# TASK PROMPT:
Nothing after the line containing "(* Lattices $-A_1+\langle6\rangle+t" belongs in the answer; write out exactly every line from the start of the material up to it, including it.

# MATERIAL FOR THE TASK:
================================

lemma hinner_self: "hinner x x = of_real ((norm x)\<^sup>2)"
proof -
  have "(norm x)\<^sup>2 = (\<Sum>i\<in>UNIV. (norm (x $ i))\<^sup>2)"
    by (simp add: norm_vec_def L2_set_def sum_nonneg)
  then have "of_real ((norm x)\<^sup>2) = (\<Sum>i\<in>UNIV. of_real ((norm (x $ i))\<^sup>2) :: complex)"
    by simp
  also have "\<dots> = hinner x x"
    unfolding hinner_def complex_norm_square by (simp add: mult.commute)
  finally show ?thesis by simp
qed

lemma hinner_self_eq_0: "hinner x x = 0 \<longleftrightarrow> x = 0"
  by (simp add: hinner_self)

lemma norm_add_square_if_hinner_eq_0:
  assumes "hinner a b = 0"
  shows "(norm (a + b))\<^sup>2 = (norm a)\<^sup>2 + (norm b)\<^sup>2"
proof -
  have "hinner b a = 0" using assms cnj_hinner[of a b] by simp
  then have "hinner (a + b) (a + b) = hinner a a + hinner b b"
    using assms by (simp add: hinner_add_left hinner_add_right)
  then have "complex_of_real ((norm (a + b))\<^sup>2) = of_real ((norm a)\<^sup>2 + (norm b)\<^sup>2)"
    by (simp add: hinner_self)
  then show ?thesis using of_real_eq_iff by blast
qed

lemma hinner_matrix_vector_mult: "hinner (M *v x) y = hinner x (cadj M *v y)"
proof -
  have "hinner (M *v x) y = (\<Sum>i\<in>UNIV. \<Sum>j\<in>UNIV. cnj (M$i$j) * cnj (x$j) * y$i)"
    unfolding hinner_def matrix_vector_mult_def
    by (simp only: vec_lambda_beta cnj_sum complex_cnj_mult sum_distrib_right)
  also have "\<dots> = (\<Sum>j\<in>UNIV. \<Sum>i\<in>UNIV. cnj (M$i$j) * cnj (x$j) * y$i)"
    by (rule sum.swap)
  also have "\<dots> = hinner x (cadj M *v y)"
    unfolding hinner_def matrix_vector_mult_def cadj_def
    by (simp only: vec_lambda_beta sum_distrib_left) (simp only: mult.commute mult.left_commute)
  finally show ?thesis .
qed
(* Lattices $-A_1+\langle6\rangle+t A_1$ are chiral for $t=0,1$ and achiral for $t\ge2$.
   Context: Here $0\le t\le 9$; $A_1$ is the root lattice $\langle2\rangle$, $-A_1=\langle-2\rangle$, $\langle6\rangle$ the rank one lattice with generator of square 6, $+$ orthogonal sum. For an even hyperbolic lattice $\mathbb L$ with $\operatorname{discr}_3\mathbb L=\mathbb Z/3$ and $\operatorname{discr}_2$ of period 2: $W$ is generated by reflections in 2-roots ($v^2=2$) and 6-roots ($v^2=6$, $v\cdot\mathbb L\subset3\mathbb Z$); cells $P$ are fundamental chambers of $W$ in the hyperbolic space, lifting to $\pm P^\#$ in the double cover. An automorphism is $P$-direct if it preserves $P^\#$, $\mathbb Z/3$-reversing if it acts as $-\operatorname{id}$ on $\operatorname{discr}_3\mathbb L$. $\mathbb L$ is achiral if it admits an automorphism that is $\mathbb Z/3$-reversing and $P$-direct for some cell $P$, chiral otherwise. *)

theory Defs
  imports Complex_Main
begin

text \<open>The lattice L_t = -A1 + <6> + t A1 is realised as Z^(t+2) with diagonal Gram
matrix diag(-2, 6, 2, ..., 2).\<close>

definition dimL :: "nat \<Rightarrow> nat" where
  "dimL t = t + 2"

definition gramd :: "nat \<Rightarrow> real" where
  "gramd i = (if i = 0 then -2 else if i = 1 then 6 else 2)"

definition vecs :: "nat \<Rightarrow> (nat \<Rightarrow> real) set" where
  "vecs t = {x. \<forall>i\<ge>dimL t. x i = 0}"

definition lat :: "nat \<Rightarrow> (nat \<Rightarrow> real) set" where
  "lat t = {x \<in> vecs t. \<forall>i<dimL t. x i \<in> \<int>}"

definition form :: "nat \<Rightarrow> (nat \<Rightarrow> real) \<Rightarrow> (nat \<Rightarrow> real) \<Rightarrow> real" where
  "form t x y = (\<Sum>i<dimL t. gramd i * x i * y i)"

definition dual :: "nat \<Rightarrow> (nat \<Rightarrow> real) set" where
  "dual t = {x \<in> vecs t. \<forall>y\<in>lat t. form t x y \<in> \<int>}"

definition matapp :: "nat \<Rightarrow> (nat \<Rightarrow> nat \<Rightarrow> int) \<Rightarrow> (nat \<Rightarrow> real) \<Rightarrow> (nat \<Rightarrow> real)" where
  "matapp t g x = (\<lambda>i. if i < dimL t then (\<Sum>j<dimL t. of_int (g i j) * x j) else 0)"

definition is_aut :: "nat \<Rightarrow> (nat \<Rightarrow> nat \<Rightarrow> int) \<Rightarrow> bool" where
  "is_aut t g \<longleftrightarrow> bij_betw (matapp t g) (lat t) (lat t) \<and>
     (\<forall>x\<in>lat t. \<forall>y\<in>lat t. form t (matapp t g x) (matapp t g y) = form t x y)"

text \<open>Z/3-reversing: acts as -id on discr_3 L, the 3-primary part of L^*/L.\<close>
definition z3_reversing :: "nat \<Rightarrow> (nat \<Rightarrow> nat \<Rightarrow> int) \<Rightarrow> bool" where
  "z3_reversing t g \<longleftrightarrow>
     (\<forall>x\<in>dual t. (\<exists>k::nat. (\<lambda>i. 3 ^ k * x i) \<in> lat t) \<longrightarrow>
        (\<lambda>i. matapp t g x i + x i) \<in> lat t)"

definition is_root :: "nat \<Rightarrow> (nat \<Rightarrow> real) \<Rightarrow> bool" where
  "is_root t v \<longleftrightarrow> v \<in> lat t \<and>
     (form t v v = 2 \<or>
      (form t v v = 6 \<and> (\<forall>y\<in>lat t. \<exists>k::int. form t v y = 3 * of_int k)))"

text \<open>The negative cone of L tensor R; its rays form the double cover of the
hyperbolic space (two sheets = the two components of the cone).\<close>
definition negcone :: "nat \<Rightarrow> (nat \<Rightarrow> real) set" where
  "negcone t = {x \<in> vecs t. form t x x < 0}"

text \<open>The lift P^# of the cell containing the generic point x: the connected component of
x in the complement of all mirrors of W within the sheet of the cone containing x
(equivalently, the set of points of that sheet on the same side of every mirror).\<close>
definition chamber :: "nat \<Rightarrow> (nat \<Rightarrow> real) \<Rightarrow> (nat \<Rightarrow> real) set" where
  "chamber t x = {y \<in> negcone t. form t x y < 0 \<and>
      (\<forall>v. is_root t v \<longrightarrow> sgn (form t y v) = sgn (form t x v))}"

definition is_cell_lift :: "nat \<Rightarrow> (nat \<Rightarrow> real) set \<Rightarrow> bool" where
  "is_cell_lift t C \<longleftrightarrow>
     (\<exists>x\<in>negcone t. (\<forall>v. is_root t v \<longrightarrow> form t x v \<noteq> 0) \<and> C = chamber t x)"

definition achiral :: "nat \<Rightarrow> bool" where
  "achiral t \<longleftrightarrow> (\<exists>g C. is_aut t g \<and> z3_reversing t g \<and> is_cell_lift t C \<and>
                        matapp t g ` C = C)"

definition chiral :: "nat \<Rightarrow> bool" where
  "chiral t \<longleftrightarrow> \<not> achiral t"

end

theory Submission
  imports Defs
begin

================================

# REPLY TO THE EXERCISE:
lemma hinner_self: "hinner x x = of_real ((norm x)\<^sup>2)"
proof -
  have "(norm x)\<^sup>2 = (\<Sum>i\<in>UNIV. (norm (x $ i))\<^sup>2)"
    by (simp add: norm_vec_def L2_set_def sum_nonneg)
  then have "of_real ((norm x)\<^sup>2) = (\<Sum>i\<in>UNIV. of_real ((norm (x $ i))\<^sup>2) :: complex)"
    by simp
  also have "\<dots> = hinner x x"
    unfolding hinner_def complex_norm_square by (simp add: mult.commute)
  finally show ?thesis by simp
qed

lemma hinner_self_eq_0: "hinner x x = 0 \<longleftrightarrow> x = 0"
  by (simp add: hinner_self)

lemma norm_add_square_if_hinner_eq_0:
  assumes "hinner a b = 0"
  shows "(norm (a + b))\<^sup>2 = (norm a)\<^sup>2 + (norm b)\<^sup>2"
proof -
  have "hinner b a = 0" using assms cnj_hinner[of a b] by simp
  then have "hinner (a + b) (a + b) = hinner a a + hinner b b"
    using assms by (simp add: hinner_add_left hinner_add_right)
  then have "complex_of_real ((norm (a + b))\<^sup>2) = of_real ((norm a)\<^sup>2 + (norm b)\<^sup>2)"
    by (simp add: hinner_self)
  then show ?thesis using of_real_eq_iff by blast
qed

lemma hinner_matrix_vector_mult: "hinner (M *v x) y = hinner x (cadj M *v y)"
proof -
  have "hinner (M *v x) y = (\<Sum>i\<in>UNIV. \<Sum>j\<in>UNIV. cnj (M$i$j) * cnj (x$j) * y$i)"
    unfolding hinner_def matrix_vector_mult_def
    by (simp only: vec_lambda_beta cnj_sum complex_cnj_mult sum_distrib_right)
  also have "\<dots> = (\<Sum>j\<in>UNIV. \<Sum>i\<in>UNIV. cnj (M$i$j) * cnj (x$j) * y$i)"
    by (rule sum.swap)
  also have "\<dots> = hinner x (cadj M *v y)"
    unfolding hinner_def matrix_vector_mult_def cadj_def
    by (simp only: vec_lambda_beta sum_distrib_left) (simp only: mult.commute mult.left_commute)
  finally show ?thesis .
qed
(* Lattices $-A_1+\langle6\rangle+t A_1$ are chiral for $t=0,1$ and achiral for $t\ge2$.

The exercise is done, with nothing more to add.